Day 48: PN23
Day 48. I’ve decided not to mess with the counting of the days because those days missed were still valid and part of this project. I needed these 20 days to figure a few things out and to move into this next phase that this project has helped prepare me for.
Over the last few weeks, I’ve become more aware of what I have to offer. Finishing my tax course has helped me realize that I can do hard things. Going to school and working 2 jobs has shown me that I’m strong, resilient, and amazing. This is all snowballing into a place of me realizing that I’m “done” with one of my jobs, the one in a restaurant. Yes, it’s good money for the time and effort I put in, but it is fading in its being a good match for me. The benefits are waning, and I can see it’s time to release it. I have learned so much, and I am not ready to leave that job, but I am realizing that it’s time to create something new and then step into it.
This website is part of that something new.
As I mentioned in my last post, I have chosen to go-live with this because of a class assignment. What this means is that this website is not ready or finished yet. I have SO MUCH MORE TO CONSTRUCT, but I also need to start letting people know what I am doing. And that is hard. As a neurodiverse woman with enough experience to make me super-cautious, I find this difficult. My sensibilities are to serve people without being seen, but that is no way to make a living. You must become an expert, find a niche, and get known. That’s life in the big city, as my dad would say.
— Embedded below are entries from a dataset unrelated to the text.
lemma cont_hom_e:
  assumes \<phi>: "cont_hom XF mF XG mG \<phi>"
  shows "\<phi> eF = eG"
proof -
  let ?a = "\<phi> eF"
  have a: "?a \<in> topspace XG"
    using cont_hom_closed[OF \<phi> F.e_closed] .
  have "eG = mG (iG ?a) ?a"
    using G.l_inv[OF a] by simp
  also have "\<dots> = mG (iG ?a) (mG ?a ?a)"
    using cont_hom_m[OF \<phi> F.e_closed F.e_closed] F.l_one[OF F.e_closed] by simp
  also have "\<dots> = mG (mG (iG ?a) ?a) ?a"
    using G.m_assoc G.i_closed a by simp
  also have "\<dots> = ?a"
    using G.l_inv G.l_one a by simp
  finally show ?thesis
    by simp
qed

lemma milnor_E_map_in_ES:
  "cont_hom XF mF XG mG \<phi> \<Longrightarrow> x \<in> F.ES \<Longrightarrow> milnor_E_map \<phi> x \<in> G.ES"
  using cont_hom_e cont_hom_closed[of XF mF XG mG \<phi>] unfolding F.mem_ES_iff G.mem_ES_iff by auto

lemma milnor_E_map_act:
  assumes \<phi>: "cont_hom XF mF XG mG \<phi>" and x: "x \<in> F.ES" and g: "g \<in> topspace XF"
  shows "milnor_E_map \<phi> (F.act x g) = G.act (milnor_E_map \<phi> x) (\<phi> g)"
proof -
  have "snd (milnor_E_map \<phi> (F.act x g)) j = snd (G.act (milnor_E_map \<phi> x) (\<phi> g)) j" for j
    using F.ES_snd_closed[OF x] g cont_hom_e[OF \<phi>] cont_hom_m[OF \<phi>] by (simp add: F.snd_act G.snd_act)
  then show ?thesis
    by (simp add: prod_eq_iff fun_eq_iff)
qed

lemma milnor_E_map_base:
  "cont_hom XF mF XG mG \<phi> \<Longrightarrow> milnor_E_map \<phi> (milnor_E_base eF) = milnor_E_base eG"
  using cont_hom_e by (simp add: milnor_E_map_def milnor_E_base_def o_def)

lemma continuous_map_milnor_E_map:
  assumes \<phi>: "cont_hom XF mF XG mG \<phi>"
  shows "continuous_map F.EP G.EP (milnor_E_map \<phi>)"
proof (rule continuous_map_into_milnor_E)
  show "milnor_E_map \<phi> ` topspace F.EP \<subseteq> G.ES"
    using milnor_E_map_in_ES[OF \<phi>] by auto
  fix k
  show "continuous_map F.EP euclideanreal (\<lambda>x. fst (milnor_E_map \<phi> x) k)"
    by (simp add: continuous_map_milnor_tau)
  have "continuous_map XF XG \<phi>"
    using \<phi> unfolding cont_hom_def by blast
  then show "continuous_map (subtopology F.EP {x. 0 < fst (milnor_E_map \<phi> x) k}) XG
      (\<lambda>x. snd (milnor_E_map \<phi> x) k)"
    using continuous_map_compose[OF continuous_map_milnor_gamma] by (simp add: o_def)
qed

lemma milnor_B_map_orb:
  assumes \<phi>: "cont_hom XF mF XG mG \<phi>" and x: "x \<in> F.ES"
  shows "milnor_B_map XG mG eG \<phi> (F.orb x) = G.orb (milnor_E_map \<phi> x)"
proof -
  obtain g where g: "g \<in> topspace XF" "(SOME y. y \<in> F.orb x) = F.act x g"
    using F.some_orb[OF x] .
  then have "milnor_B_map XG mG eG \<phi> (F.orb x) = G.orb (G.act (milnor_E_map \<phi> x) (\<phi> g))"
    unfolding milnor_B_map_def using milnor_E_map_act[OF \<phi> x] by simp
  also have "\<dots> = G.orb (milnor_E_map \<phi> x)"
    using G.orb_act milnor_E_map_in_ES[OF \<phi> x] cont_hom_closed[OF \<phi> g(1)] by blast
  finally show ?thesis .
qed

lemma milnor_B_map_base:
  "cont_hom XF mF XG mG \<phi> \<Longrightarrow>
     milnor_B_map XG mG eG \<phi> (milnor_B_base XF mF eF) = milnor_B_base XG mG eG"
  unfolding milnor_B_base_def using milnor_B_map_orb F.milnor_E_base_in_ES milnor_E_map_base by simp

lemma continuous_map_milnor_B_map:
  assumes \<phi>: "cont_hom XF mF XG mG \<phi>"
  shows "continuous_map F.BP G.BP (milnor_B_map XG mG eG \<phi>)"
proof (rule F.continuous_map_from_milnor_B)
  have "continuous_map F.EP G.BP (G.orb \<circ> milnor_E_map \<phi>)"
    using continuous_map_milnor_E_map[OF \<phi>] G.continuous_map_milnor_orbit
    by (rule continuous_map_compose)
  then show "continuous_map F.EP G.BP (\<lambda>x. milnor_B_map XG mG eG \<phi> (F.orb x))"
    by (rule continuous_map_eq) (simp add: milnor_B_map_orb[OF \<phi>])
qed
(* The category $\mathbb S^{\mathbb P}_r$, with sum $\oplus$, unit $0$, symmetries $\sigma$ and trace operator $\mathrm{tr}$, is a traced symmetric monoidal category.
   Context: Notation: $[k]=\{1,\dots,k\}$ ($[0]=\emptyset$); $T(X)=X+\mathbb R\times X+\{\exists^*,\forall^*\}$ (disjoint union); composition in diagrammatic order. $\mathbb S^{\mathbb P}_r$ has natural numbers as objects; an arrow $f:m\to n$ is a function $f:[m]\to T([n])$ satisfying realizability: if $f(i)=k\in[n]$ then for every $j\in[m]\setminus\{i\}$, $f(j)\ne k$ and $f(j)\ne(r,k)$ for all $r\in\mathbb R$. Composition of $f:m\to l$ and $g:l\to n$: $(f;g)(i)=f(i)$ if $f(i)\in\{\exists^*,\forall^*\}$; $=g(j)$ if $f(i)=j\in[l]$; $=g(j)$ if $f(i)=(r,j)$ and $g(j)\in\{\exists^*,\forall^*\}$; $=(r,k)$ if $f(i)=(r,j)$ and $g(j)=k\in[n]$; $=(r+r',k)$ if $f(i)=(r,j)$ and $g(j)=(r',k)$. Identity $\mathrm{id}_m(i)=i$. Symmetry $\sigma_{m,n}:m+n\to n+m$, $\sigma_{m,n}(i)=n+i$ for $i\le m$, $\sigma_{m,n}(m+j)=j$. Sum of $f:m\to n$ and $g:k\to l$: $(f\oplus g)(i)=f(i)$ for $i\in[m]$, and $(f\oplus g)(m+i)$ is $g(i)$ with its element $j\in[l]$ (if any) replaced by $n+j$. Trace of $f:l+m\to l+n$: for $i\in[m]$ define a sequence $v$ by $v_0=l+i$ and: if $j=0$ or $v_j\in[l]$ then $v_{j+1}=f(v_j)$; if $v_j=(r,k)$ with $k\in[l]$ then $v_{j+1}=f(k)$; otherwise ($j\ge1$ and $v_j\in\{l+1,..,l+n\}\cup\mathbb R\times\{l+1,..,l+n\}\cup\{\exists^*,\forall^*\}$) the sequence stops. If $v=(v_0,\dots,v_K)$ is finite, let $S$ be the sum of the first components of all $v_j\in\mathbb R\times[l+n]$, $1\le j\le K$; then $\mathrm{tr}^l_{m,n}(f)(i)=v_K$ if $v_K\in\{\exists^*,\forall^*\}$; $=k$ if $v_K=l+k$ and $v_j\in[l]$ for all $1\le j<K$; $=(S,k)$ if $v_K=l+k$ and some $v_j$, $1\le j<K$, lies in $\mathbb R\times[l]$; $=(S,k)$ if $v_K=(r,l+k)$. If $v$ is infinite, let $w'_1,w'_2,\dots$ be the first components, in order, of the (infinitely many) entries of $v$ lying in $\mathbb R\times[l]$; then $\mathrm{tr}^l_{m,n}(f)(i)=\exists^*$ if $\liminf_{N\to\infty}\frac1N\sum_{t=1}^Nw'_t\ge0$, and $\forall^*$ otherwise. *)

theory Defs
  imports Complex_Main "HOL-Library.Extended_Real" "HOL-Library.Infinite_Set"
begin

text \<open>T(X) = X + R x X + {exists*, forall*}, instantiated at X = nat.
  An arrow f : m -> n is a function nat => tval whose values on [m] = {1..m} matter.\<close>

datatype tval = Nd nat | Wt real nat | EStar | AStar

definition in_T :: "nat \<Rightarrow> tval \<Rightarrow> bool" where
  "in_T n x = (case x of Nd k \<Rightarrow> 1 \<le> k \<and> k \<le> n | Wt r k \<Rightarrow> 1 \<le> k \<and> k \<le> n | _ \<Rightarrow> True)"

definition arr :: "nat \<Rightarrow> nat \<Rightarrow> (nat \<Rightarrow> tval) \<Rightarrow> bool" where
  "arr m n f \<longleftrightarrow>
     (\<forall>i\<in>{1..m}. in_T n (f i)) \<and>
     (\<forall>i\<in>{1..m}. \<forall>k. f i = Nd k \<longrightarrow>
        (\<forall>j\<in>{1..m} - {i}. f j \<noteq> Nd k \<and> (\<forall>r. f j \<noteq> Wt r k)))"

definition arr_eq :: "nat \<Rightarrow> (nat \<Rightarrow> tval) \<Rightarrow> (nat \<Rightarrow> tval) \<Rightarrow> bool" where
  "arr_eq m f g \<longleftrightarrow> (\<forall>i\<in>{1..m}. f i = g i)"

text \<open>Composition in diagrammatic order: f ; g.\<close>
definition comp :: "(nat \<Rightarrow> tval) \<Rightarrow> (nat \<Rightarrow> tval) \<Rightarrow> (nat \<Rightarrow> tval)" where
  "comp f g = (\<lambda>i. case f i of
       Nd j \<Rightarrow> g j
     | Wt r j \<Rightarrow> (case g j of Nd k \<Rightarrow> Wt r k | Wt r' k \<Rightarrow> Wt (r + r') k | e \<Rightarrow> e)
     | e \<Rightarrow> e)"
The thing about this website is how personal it is. Faith, Gordon. You can do this.
So welcome to this new, even as my posts have been posted and hidden. Please be patient with me, and you may email me at andbothliving@gmail.com in the interim of getting my social and newsletter segments set up.
I guess you could say that I’m saying NO to old habits of hiding and perfectionism so I can say YES to progress. Project NO:2023 is an experiment designed to be a strategy for so many things. Now as I’m getting ready to make it public for my class assignment, I am realizing that experiments cannot be controlled. The outcome is by its nature unknown, and any expectation of it being known before it can be known is unrealistic at best.
YES—I’m growing and learning and changing, which I’ve done so many times in the past. This time, however, I’m going in a direction that is brighter than any I have pursued. A bit oblique, I realize, but as this website and blog continue to take shape, it will make more sense.
Today’s NO = Staying locked inside my head, waiting for the “right time”
Today’s YES = Trusting that the “right time” is now even if I can’t see it yet.